There is a popular tradition, possessing, we believe, no foundation in fact, that the incidents of this ballad belong to the history of the noble family of Cassilis. The Lady Jean Hamilton, daughter of the Earl of Waddington, is said to have been constrained to marry a grim Covenanter, John, Earl of Cassilis, though her affections were already engaged to Sir John Faa of Dunbar. In 1643, several years after their union, when the Countess had given birth to two or three children, her husband being absent from home on a mission to the Assembly of Divines at Westminster, Sir John presented himself at Cassilis Castle, attended by a small band of gypsies, and himself disguised as one. The recollection of her early passion proved stronger than the marriage vow, and the lady eloped with her former lover. But before she had got far from home, the Earl happened to return. Learning what had occurred, he set out in pursuit with a considerable body of followers, and, arresting the fugitives, brought them back to his castle, where he hanged Sir John and his companions on a great tree before the gate.

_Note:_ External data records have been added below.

lemma energy_defect_diagonal_nonpos:
  fixes v g g' w \<epsilon> \<mu> :: real
  assumes W: "\<epsilon> * w > 0" and weight: "g\<^sup>2 \<le> \<epsilon> * w * (\<mu> * w + g')"
  shows "((v + v) * g)\<^sup>2 / (4 * \<epsilon> * w) - v\<^sup>2 * g' - \<mu> * (v\<^sup>2 * w) \<le> 0"
proof -
  have "g\<^sup>2 / (\<epsilon> * w) \<le> \<mu> * w + g'"
    using weight W by (simp add: pos_divide_le_eq algebra_simps)
  then have "v\<^sup>2 * (g\<^sup>2 / (\<epsilon> * w)) \<le> v\<^sup>2 * (\<mu> * w + g')"
    by (rule mult_left_mono) simp
  moreover have "((v + v) * g)\<^sup>2 / (4 * \<epsilon> * w) = v\<^sup>2 * (g\<^sup>2 / (\<epsilon> * w))"
    by (simp add: power2_eq_square field_simps)
  ultimately show ?thesis by (simp add: algebra_simps)
qed

lemma weighted_energy_decrease:
  fixes u u' :: "real \<Rightarrow> 'a::banach" and g g' w :: "real \<Rightarrow> real"
  assumes prim: "\<And>t. 0 \<le> t \<Longrightarrow> (u' has_integral (u t - u 0)) {0..t}"
    and du: "(\<lambda>s. (norm (u' s))\<^sup>2 * w s) integrable_on {0..}"
    and uu: "(\<lambda>s. (norm (u s))\<^sup>2 * w s) integrable_on {0..}"
    and w: "continuous_on {0..} w" "\<And>s. 0 \<le> s \<Longrightarrow> w s > 0"
    and g: "\<And>s. 0 \<le> s \<Longrightarrow> (g has_real_derivative g' s) (at s)" "continuous_on {0..} g'"
      "\<And>s. 0 \<le> s \<Longrightarrow> 0 \<le> g s"
    and \<epsilon>: "\<epsilon> > 0"
    and weights: "\<And>s. 0 \<le> s \<Longrightarrow> (g s)\<^sup>2 \<le> \<epsilon> * w s * (\<mu> * w s + g' s)"
    and tT: "0 \<le> t" "t \<le> T"
  shows "(norm (u t))\<^sup>2 * g t - (norm (u T))\<^sup>2 * g T
    \<le> integral {t..T} (\<lambda>s. \<epsilon> * ((norm (u' s))\<^sup>2 * w s) + \<mu> * ((norm (u s))\<^sup>2 * w s))"
proof (rule increment_le_integral_of_local_bound[OF tT(2)])
  \<comment> \<open>the error term left by \<open>norm_sq_weighted_increment_le\<close>\<close>
  define k where "k = (\<lambda>(x, y, s). ((norm (u x) + norm (u y)) * g x)\<^sup>2 / (4 * \<epsilon> * w s)
      - (norm (u y))\<^sup>2 * g' s - \<mu> * ((norm (u s))\<^sup>2 * w s))"
  have sub: "{x..y} \<subseteq> {0..}" if "t \<le> x" for x y using that tT by auto
  have cont_u: "continuous_on {x..y} (\<lambda>s. norm (u s))" if "t \<le> x" for x y
    using that tT by (intro continuous_on_norm continuous_on_subset[OF continuous_on_primitive[OF prim]]) auto
  have cont_g: "continuous_on {x..y} g" if "t \<le> x" for x y
    using that tT by (intro continuous_at_imp_continuous_on ballI DERIV_isCont[OF g(1)]) auto
  have cont_g': "continuous_on {x..y} g'" and cont_w: "continuous_on {x..y} w" if "t \<le> x" for x y
    using continuous_on_subset[OF g(2) sub[OF that]] continuous_on_subset[OF w(1) sub[OF that]] by auto
  have int: "f integrable_on {x..y}" if "f integrable_on {0..}" "t \<le> x" for f :: "real \<Rightarrow> real" and x y
    using integrable_on_subcbox[OF that(1), of x y] sub[OF that(2)] by simp
  have du': "(\<lambda>s. \<epsilon> * ((norm (u' s))\<^sup>2 * w s)) integrable_on {x..y}"
    and uu': "(\<lambda>s. \<mu> * ((norm (u s))\<^sup>2 * w s)) integrable_on {x..y}" if "t \<le> x" for x y
    using integrable_on_mult_right[OF int[OF du that]] integrable_on_mult_right[OF int[OF uu that]] by auto
  show "(\<lambda>s. \<epsilon> * ((norm (u' s))\<^sup>2 * w s) + \<mu> * ((norm (u s))\<^sup>2 * w s)) integrable_on {t..T}"
    using du' uu' by (intro integrable_add) auto
  show "continuous_on ({t..T} \<times> {t..T} \<times> {t..T}) k"
    unfolding k_def using \<epsilon> w(2) tT
    by (intro continuous_on_cube_energy_defect cont_u cont_g cont_g' cont_w) (auto simp: less_imp_neq[symmetric])
  show "k (s, s, s) \<le> 0" if "s \<in> {t..T}" for s
  proof -
    have s: "0 \<le> s" using that tT by simp
    have "\<epsilon> * w s > 0" using w(2)[OF s] \<epsilon> by simp
    from energy_defect_diagonal_nonpos[OF this weights[OF s]] show ?thesis by (simp add: k_def)
  qed
  show "(norm (u x))\<^sup>2 * g x - (norm (u y))\<^sup>2 * g y
    \<le> integral {x..y} (\<lambda>s. \<epsilon> * ((norm (u' s))\<^sup>2 * w s) + \<mu> * ((norm (u s))\<^sup>2 * w s))
     + integral {x..y} (\<lambda>s. k (x, y, s))" if xy: "t \<le> x" "x \<le> y" "y \<le> T" for x y
  proof -
    define c where "c = (norm (u x) + norm (u y)) * g x"
    have x: "0 \<le> x" using xy tT by simp
    have w_pos: "w s > 0" if "s \<in> {x..y}" for s using that x w(2) by simp
    have g_int: "(g' has_integral (g y - g x)) {x..y}"
    proof (rule fundamental_theorem_of_calculus[OF xy(2)])
      fix s assume "s \<in> {x..y}"
      then show "(g has_vector_derivative g' s) (at s within {x..y})"
        using x g(1)[of s] by (auto simp: has_real_derivative_iff_has_vector_derivative[symmetric]
            intro: has_field_derivative_at_within)
    qed
    have A: "(\<lambda>s. c\<^sup>2 / (4 * \<epsilon> * w s) - (norm (u y))\<^sup>2 * g' s) integrable_on {x..y}"
      using cont_w[OF xy(1)] cont_g'[OF xy(1)] w_pos \<epsilon>
      by (intro integrable_continuous_interval continuous_intros) force+
    have "(norm (u x))\<^sup>2 * g x - (norm (u y))\<^sup>2 * g y
      \<le> \<epsilon> * integral {x..y} (\<lambda>s. (norm (u' s))\<^sup>2 * w s)
       + integral {x..y} (\<lambda>s. c\<^sup>2 / (4 * \<epsilon> * w s) - (norm (u y))\<^sup>2 * g' s)"
      unfolding c_def
      using norm_sq_weighted_increment_le[OF xy(2) has_integral_primitive_subinterval[OF prim x xy(2)]
          g_int cont_w[OF xy(1)] w_pos int[OF du xy(1)] \<epsilon> g(3)[OF x]] .
    also have "\<dots> = integral {x..y} (\<lambda>s. \<epsilon> * ((norm (u' s))\<^sup>2 * w s) + \<mu> * ((norm (u s))\<^sup>2 * w s))
     + integral {x..y} (\<lambda>s. k (x, y, s))"
      using integral_add[OF du'[OF xy(1)] uu'[OF xy(1)]] integral_diff[OF A uu'[OF xy(1)]]
      by (simp add: k_def c_def)
    finally show ?thesis .
  qed
qed

lemma weighted_energy_bound:
  fixes u u' :: "real \<Rightarrow> 'a::banach" and g g' w :: "real \<Rightarrow> real"
  assumes prim: "\<And>t. 0 \<le> t \<Longrightarrow> (u' has_integral (u t - u 0)) {0..t}"
    and du: "(\<lambda>s. (norm (u' s))\<^sup>2 * w s) integrable_on {0..}"
    and uu: "(\<lambda>s. (norm (u s))\<^sup>2 * w s) integrable_on {0..}"
    and w: "continuous_on {0..} w" "\<And>s. 0 \<le> s \<Longrightarrow> w s > 0"
    and g: "\<And>s. 0 \<le> s \<Longrightarrow> (g has_real_derivative g' s) (at s)" "continuous_on {0..} g'"
      "\<And>s. 0 \<le> s \<Longrightarrow> 0 \<le> g s" "\<And>s. 0 \<le> s \<Longrightarrow> g s \<le> w s"
    and \<epsilon>: "\<epsilon> > 0" and \<mu>: "\<mu> \<ge> 0"
    and weights: "\<And>s. 0 \<le> s \<Longrightarrow> (g s)\<^sup>2 \<le> \<epsilon> * w s * (\<mu> * w s + g' s)"
    and t: "0 \<le> t"
  shows "(norm (u t))\<^sup>2 * g t
    \<le> \<epsilon> * integral {0..} (\<lambda>s. (norm (u' s))\<^sup>2 * w s) + \<mu> * integral {0..} (\<lambda>s. (norm (u s))\<^sup>2 * w s)"
proof (rule field_le_epsilon)
  fix \<eta> :: real assume "\<eta> > 0"
  define f1 where "f1 s = (norm (u' s))\<^sup>2 * w s" for s
  define f2 where "f2 s = (norm (u s))\<^sup>2 * w s" for s
  have f1: "f1 integrable_on {0..}" and f2: "f2 integrable_on {0..}"
    using du uu by (simp_all add: f1_def[abs_def] f2_def[abs_def])
  have nonneg: "0 \<le> f1 s" "0 \<le> f2 s" if "0 \<le> s" for s
    using w(2)[OF that] by (simp_all add: f1_def f2_def)
  obtain T where tT: "t \<le> T" and small: "f2 T < \<eta>"
    using integrable_nonneg_exists_small_value[OF f2 nonneg(2) t \<open>\<eta> > 0\<close>] by blast
  have sub: "f integrable_on {t..T}" if "f integrable_on {0..}" for f :: "real \<Rightarrow> real"
    using integrable_on_subcbox[OF that, of t T] t by auto
  have le_total: "integral {t..T} f \<le> integral {0..} f"
    if "f integrable_on {0..}" "\<And>s. 0 \<le> s \<Longrightarrow> 0 \<le> f s" for f :: "real \<Rightarrow> real"
    using that sub[OF that(1)] t by (intro integral_subset_le) auto
  have "(norm (u t))\<^sup>2 * g t - (norm (u T))\<^sup>2 * g T \<le> integral {t..T} (\<lambda>s. \<epsilon> * f1 s + \<mu> * f2 s)"
    using weighted_energy_decrease[OF prim du uu w g(1-3) \<epsilon> weights t tT] by (simp add: f1_def f2_def)
  also have "\<dots> = \<epsilon> * integral {t..T} f1 + \<mu> * integral {t..T} f2"
    using sub[OF f1] sub[OF f2] by (simp add: integral_add integrable_on_mult_right)
  also have "\<dots> \<le> \<epsilon> * integral {0..} f1 + \<mu> * integral {0..} f2"
    using le_total[OF f1 nonneg(1)] le_total[OF f2 nonneg(2)] \<epsilon> \<mu>
    by (intro add_mono mult_left_mono) auto
  finally have "(norm (u t))\<^sup>2 * g t \<le> \<epsilon> * integral {0..} f1 + \<mu> * integral {0..} f2 + (norm (u T))\<^sup>2 * g T"
    by simp
  moreover have "(norm (u T))\<^sup>2 * g T \<le> f2 T"
    using g(4)[of T] t tT by (simp add: f2_def mult_left_mono)
  ultimately show "(norm (u t))\<^sup>2 * g t \<le> \<epsilon> * integral {0..} (\<lambda>s. (norm (u' s))\<^sup>2 * w s)
      + \<mu> * integral {0..} (\<lambda>s. (norm (u s))\<^sup>2 * w s) + \<eta>"
    using small by (simp add: f1_def[abs_def] f2_def[abs_def])
qed

section \<open>Power weights and the optimal constant\<close>

text \<open>The constant \<open>K\<close> of the theorem, written in terms of \<open>\<theta> = (d - 2\<beta>)/2\<close>.\<close>
definition interpolation_constant :: "real \<Rightarrow> real \<Rightarrow> real" where
  "interpolation_constant \<theta> \<beta> = powr0 (1 / \<theta>) (2 * \<theta>) * powr0 ((2 * \<theta> - 1) / (2 * \<beta>)) (2 * \<theta> - 1)"

lemma interpolation_constant_AM_GM:
  fixes \<theta> \<beta> y :: real
  defines "K \<equiv> interpolation_constant \<theta> \<beta>"
  assumes \<theta>: "1/2 \<le> \<theta>" "\<theta> \<le> 1" and \<beta>: "\<beta> > 0" and y: "y > 0"
  shows "1 \<le> \<theta> * K * ((1 - \<theta>) * K * y powr (2 * \<theta> - 1) + 2 * \<beta> * y powr (\<theta> - 1))"
proof -
  consider "\<theta> = 1/2" | "\<theta> = 1" | "1/2 < \<theta>" "\<theta> < 1" using \<theta> by linarith
  then show ?thesis
  proof cases
    case 1
    then have "K = 2" unfolding K_def interpolation_constant_def powr0_def 1 by simp
    then show ?thesis unfolding 1 using \<beta> y by simp
  next
    case 2
    then have "K = 1 / (2 * \<beta>)"
      unfolding K_def interpolation_constant_def powr0_def 2 using \<beta> by simp
    then show ?thesis unfolding 2 using \<beta> y by simp
  next
    case 3
    \<comment> \<open>Weighted AM-GM with weights \<open>p\<close>, \<open>1 - p\<close>: the powers of \<open>y\<close> cancel, and \<open>K\<close> is
      exactly the constant making the geometric mean equal to 1.\<close>
    define q where "q = (2 * \<theta> - 1) / (2 * \<beta>)"
    define p where "p = (1 - \<theta>) / \<theta>"
    have q: "q > 0" and p: "0 < p" "p < 1" using 3 \<beta> by (auto simp: q_def p_def field_simps)
    have K: "K = \<theta> powr (- 2 * \<theta>) * q powr (2 * \<theta> - 1)"
      using 3 by (simp add: K_def interpolation_constant_def powr0_def q_def powr_minus_divide powr_divide)
    have K_pos: "K > 0" using K q 3 by simp
    define U where "U = \<theta>\<^sup>2 * K\<^sup>2 * y powr (2 * \<theta> - 1)"
    define V where "V = \<theta>\<^sup>2 * K / q * y powr (\<theta> - 1)"
    have UV: "U > 0" "V > 0" using 3 K_pos q y by (simp_all add: U_def V_def)
    have "p * ln U + (1 - p) * ln V = 0"
    proof -
      have lnK: "ln K = - 2 * \<theta> * ln \<theta> + (2 * \<theta> - 1) * ln q"
        using 3 q by (simp add: K ln_mult ln_powr)
      have lnU: "ln U = (2 - 4 * \<theta>) * ln \<theta> + (4 * \<theta> - 2) * ln q + (2 * \<theta> - 1) * ln y"
        using 3 K_pos y by (simp add: U_def ln_mult ln_powr ln_realpow lnK algebra_simps)
      have lnV: "ln V = (2 - 2 * \<theta>) * ln \<theta> + (2 * \<theta> - 2) * ln q + (\<theta> - 1) * ln y"
        using 3 K_pos q y by (simp add: V_def ln_mult ln_div ln_powr ln_realpow lnK algebra_simps)
      have "\<theta> * (p * ln U + (1 - p) * ln V) = (1 - \<theta>) * ln U + (2 * \<theta> - 1) * ln V"
        using 3 by (simp add: p_def field_simps)
      also have "\<dots> = 0"
        unfolding lnU lnV by (simp add: algebra_simps)
      finally show ?thesis using 3 by simp
    qed
    then have "1 = U powr p * V powr (1 - p)"
      using UV by (simp add: powr_def exp_add[symmetric])
    also have "\<dots> \<le> p * U + (1 - p) * V"
      using UV p by (intro Youngs_inequality_0) auto
    also have "\<dots> = \<theta> * K * ((1 - \<theta>) * K * y powr (2 * \<theta> - 1) + 2 * \<beta> * y powr (\<theta> - 1))"
      using 3 \<beta> by (simp add: p_def q_def U_def V_def field_simps power2_eq_square)
    finally show ?thesis .
  qed
qed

The Countess was obliged to witness the execution from a chamber window, and after a short confinement in the castle, was shut up for the rest of her life in a house at Maybole, four miles distant, which had been fitted up for her, with a staircase on which were carved a set of heads representing her lover and his troop.

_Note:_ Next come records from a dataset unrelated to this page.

lemma even_theta_divide:
  assumes p: "p \<noteq> 0" "norm p < 1" and G: "even_theta p (Suc n) G"
    and y: "y \<noteq> 0" "mtheta (y ^ 2) p \<noteq> 0" "G y = 0"
  obtains H where "even_theta p n H" "\<And>w. w \<noteq> 0 \<Longrightarrow> G w = H w * (mtheta (y * w) p * mtheta (y / w) p)"
proof
  define D where "D = (\<lambda>w. mtheta (y * w) p * mtheta (y / w) p)"
  define H where "H = simple_zero_quotient G D"
  have S: "open (- {0 :: complex})" by (simp add: open_Compl)
  have hG: "G holomorphic_on - {0}" using G by (simp add: even_theta_def)
  have hD: "D holomorphic_on - {0}"
    unfolding D_def by (rule holomorphic_mtheta_pair[OF p(2) y(1)])
  have zeros: "G w = 0 \<and> deriv D w \<noteq> 0" if "w \<in> - {0}" "D w = 0" for w
    using even_theta_zero_at_mtheta_pair_zero[OF p G y(1,3)] mtheta_pair_zero_simple[OF p y(1,2)] that
    by (simp add: D_def)
  have GHD: "G w = H w * D w" if "w \<noteq> 0" for w
    using zeros[of w] that by (auto simp: H_def simple_zero_quotient_def)
  then show "G w = H w * (mtheta (y * w) p * mtheta (y / w) p)" if "w \<noteq> 0" for w
    using that by (simp add: D_def)
  have hH: "H holomorphic_on - {0}"
    unfolding H_def by (rule holomorphic_simple_zero_quotient[OF S hG hD zeros])
  have iso: "eventually (\<lambda>v. v \<in> - {0} \<and> D v \<noteq> 0) (at w)" if "w \<in> - {0}" for w
    by (rule eventually_nonzero_simple_zeros[OF S hD that]) (use zeros in blast)
  have Hc: "isCont H w" if "w \<noteq> 0" for w
    by (rule holomorphic_on_imp_isCont[OF hH S]) (use that in simp)
  have "H (1 / w) = H w" if w: "w \<noteq> 0" for w
  proof (rule eq_if_isCont_eventually_eq[where f = "\<lambda>v. H (1 / v)"])
    show "isCont (\<lambda>v. H (1 / v)) w"
      by (rule continuous_at_compose[unfolded o_def, OF _ Hc]) (use w in \<open>auto intro!: continuous_intros\<close>)
    have "H (1 / v) = H v" if v: "v \<noteq> 0" "D v \<noteq> 0" for v
    proof -
      have "D (1 / v) = D v" by (simp add: D_def mult.commute)
      then have "H (1 / v) * D v = H v * D v"
        using GHD[of v] GHD[of "1 / v"] G v by (simp add: even_theta_def)
      then show ?thesis using v(2) by simp
    qed
    then show "eventually (\<lambda>v. H (1 / v) = H v) (at w)"
      using iso[of w] w by (auto elim: eventually_mono)
  qed (use Hc w in auto)
  moreover have "H (p * w) = inverse (p ^ n) * inverse (w ^ (2 * n)) * H w" if w: "w \<noteq> 0" for w
  proof (rule eq_if_isCont_eventually_eq[where f = "\<lambda>v. H (p * v)"])
    show "isCont (\<lambda>v. H (p * v)) w"
      by (rule continuous_at_compose[unfolded o_def, OF _ Hc]) (use w p in \<open>auto intro!: continuous_intros\<close>)
    show "isCont (\<lambda>v. inverse (p ^ n) * inverse (v ^ (2 * n)) * H v) w"
      using w Hc[OF w] by (auto intro!: continuous_intros)
    have "H (p * v) = inverse (p ^ n) * inverse (v ^ (2 * n)) * H v" if v: "v \<noteq> 0" "D v \<noteq> 0" for v
    proof -
      have "G (p * v) = inverse (p ^ Suc n) * inverse (v ^ (2 * Suc n)) * G v"
        using G v by (simp add: even_theta_def)
      moreover have "D (p * v) = inverse p * inverse (v ^ 2) * D v"
        using mtheta_pair_mult_self[OF p y(1) v(1)] by (simp add: D_def)
      ultimately have "H (p * v) * (inverse p * inverse (v ^ 2) * D v)
          = inverse (p ^ Suc n) * inverse (v ^ (2 * Suc n)) * (H v * D v)"
        using GHD[of v] GHD[of "p * v"] v p by simp
      then show ?thesis using v p by (simp add: field_simps power2_eq_square)
    qed
    then show "eventually (\<lambda>v. H (p * v) = inverse (p ^ n) * inverse (v ^ (2 * n)) * H v) (at w)"
      using iso[of w] w by (auto elim: eventually_mono)
  qed
  ultimately show "even_theta p n H" using hH by (simp add: even_theta_def)
qed

text \<open>Induction on \<open>n\<close>: divide by the theta pair vanishing at the last point; in degree \<open>0\<close> the
  function is constant by \<open>holomorphic_periodic_constant\<close>.\<close>
lemma even_theta_eq_0_if_vanishes:
  assumes p: "p \<noteq> 0" "norm p < 1" and G: "even_theta p n G"
    and ys: "\<And>j. j \<le> n \<Longrightarrow> ys j \<noteq> 0 \<and> mtheta ((ys j) ^ 2) p \<noteq> 0 \<and> G (ys j) = 0"
    and general: "\<And>i j. i \<le> n \<Longrightarrow> j \<le> n \<Longrightarrow> i \<noteq> j \<Longrightarrow>
                    mtheta (ys i * ys j) p \<noteq> 0 \<and> mtheta (ys i / ys j) p \<noteq> 0"
    and w: "w \<noteq> 0"
  shows "G w = 0"
  using G ys general w
proof (induction n arbitrary: G w)
  case 0
  have "G holomorphic_on - {0}" "\<And>v. v \<noteq> 0 \<Longrightarrow> G (p * v) = G v"
    using "0.prems"(1) by (simp_all add: even_theta_def)
  then have "G w = G (ys 0)"
    by (rule holomorphic_periodic_constant[OF p]) (use "0.prems"(2)[of 0] "0.prems"(4) in auto)
  then show ?case using "0.prems"(2)[of 0] by simp
next
  case (Suc n)
  define y where "y = ys (Suc n)"
  obtain H where H: "even_theta p n H" "\<And>v. v \<noteq> 0 \<Longrightarrow> G v = H v * (mtheta (y * v) p * mtheta (y / v) p)"
    using even_theta_divide[OF p Suc.prems(1)] Suc.prems(2)[of "Suc n"] unfolding y_def by blast
  have "ys j \<noteq> 0 \<and> mtheta ((ys j) ^ 2) p \<noteq> 0 \<and> H (ys j) = 0" if j: "j \<le> n" for j
  proof -
    have "ys j \<noteq> 0 \<and> mtheta ((ys j) ^ 2) p \<noteq> 0 \<and> G (ys j) = 0"
      using Suc.prems(2) j by simp
    moreover have "mtheta (y * ys j) p \<noteq> 0 \<and> mtheta (y / ys j) p \<noteq> 0"
      using Suc.prems(3)[of "Suc n" j] j by (simp add: y_def)
    ultimately show ?thesis using H(2)[of "ys j"] by simp
  qed
  then have "H w = 0"
    by (rule Suc.IH[OF H(1) _ Suc.prems(3) Suc.prems(4)]) simp_all
  then show ?case using H(2)[OF Suc.prems(4)] by simp
qed

section \<open>Interpolation at the nodes \<open>a q\<^sup>k\<close>\<close>

text \<open>The Lagrange-type basis: the factor \<open>(aw, a/w;q,p)\<^sub>k\<close> vanishes at the nodes \<open>a q\<^sup>j\<close> with
  \<open>j < k\<close>, the factor \<open>(a q\<^sup>k\<^sup>+\<^sup>1 w, a q\<^sup>k\<^sup>+\<^sup>1/w;q,p)\<^sub>n\<^sub>-\<^sub>k\<close> at those with \<open>k < j \<le> n\<close>.\<close>
definition node_basis :: "complex \<Rightarrow> complex \<Rightarrow> complex \<Rightarrow> nat \<Rightarrow> nat \<Rightarrow> complex \<Rightarrow> complex" where
  "node_basis a q p n k w = tpoch (a * w) q p k * tpoch (a / w) q p k
     * (tpoch (a * q ^ (k + 1) * w) q p (n - k) * tpoch (a * q ^ (k + 1) / w) q p (n - k))"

Unfortunately for the truth of the story, letters are in existence, written by the Earl of Cassilis to the Lady Jean after the date of these events, which prove the subsistence of a high degree of mutual affection and confidence; and Finlay assures us that after a diligent search, he had been able to discern nothing that in the slightest confirmed the popular tale. The whole story is perhaps the malicious invention of an enemy of the house of Cassilis, and as such would not be unparalleled in the history of ballad poetry. See Dauney's _Ancient Scottish Melodies_, p. 269, and Chambers's _Scottish Ballads_, p.

143.

The gypsies came to our good lord's gate, And wow but they sang sweetly; They sang sae sweet and sae very complete, That down came the fair lady.

And she came tripping doun the stair, 5 And a' her maids before her; As soon as they saw her weel-far'd face, They coost the glamer o'er her.

"O come with me," says Johnie Faw, "O come with me, my dearie; 10 For I vow and I swear by the hilt of my sword, That your lord shall nae mair come near ye."

Then she gied them the beer and the wine, And they gied her the ginger; But she gied them a far better thing, 15 The goud ring aff her finger.

"Gae tak frae me this gay mantle, And bring to me a plaidie; For if kith and kin and a' had sworn, I'll follow the gypsie laddie. 20

"Yestreen I lay in a weel-made bed, Wi' my good lord beside me; But this night I'll lye in a tennant's barn, Whatever shall betide me."

"Come to your bed," says Johnie Faw, 25 "O come to your bed, my dearie; For I vow and swear by the hilt of my sword, That your lord shall nae mair come near ye."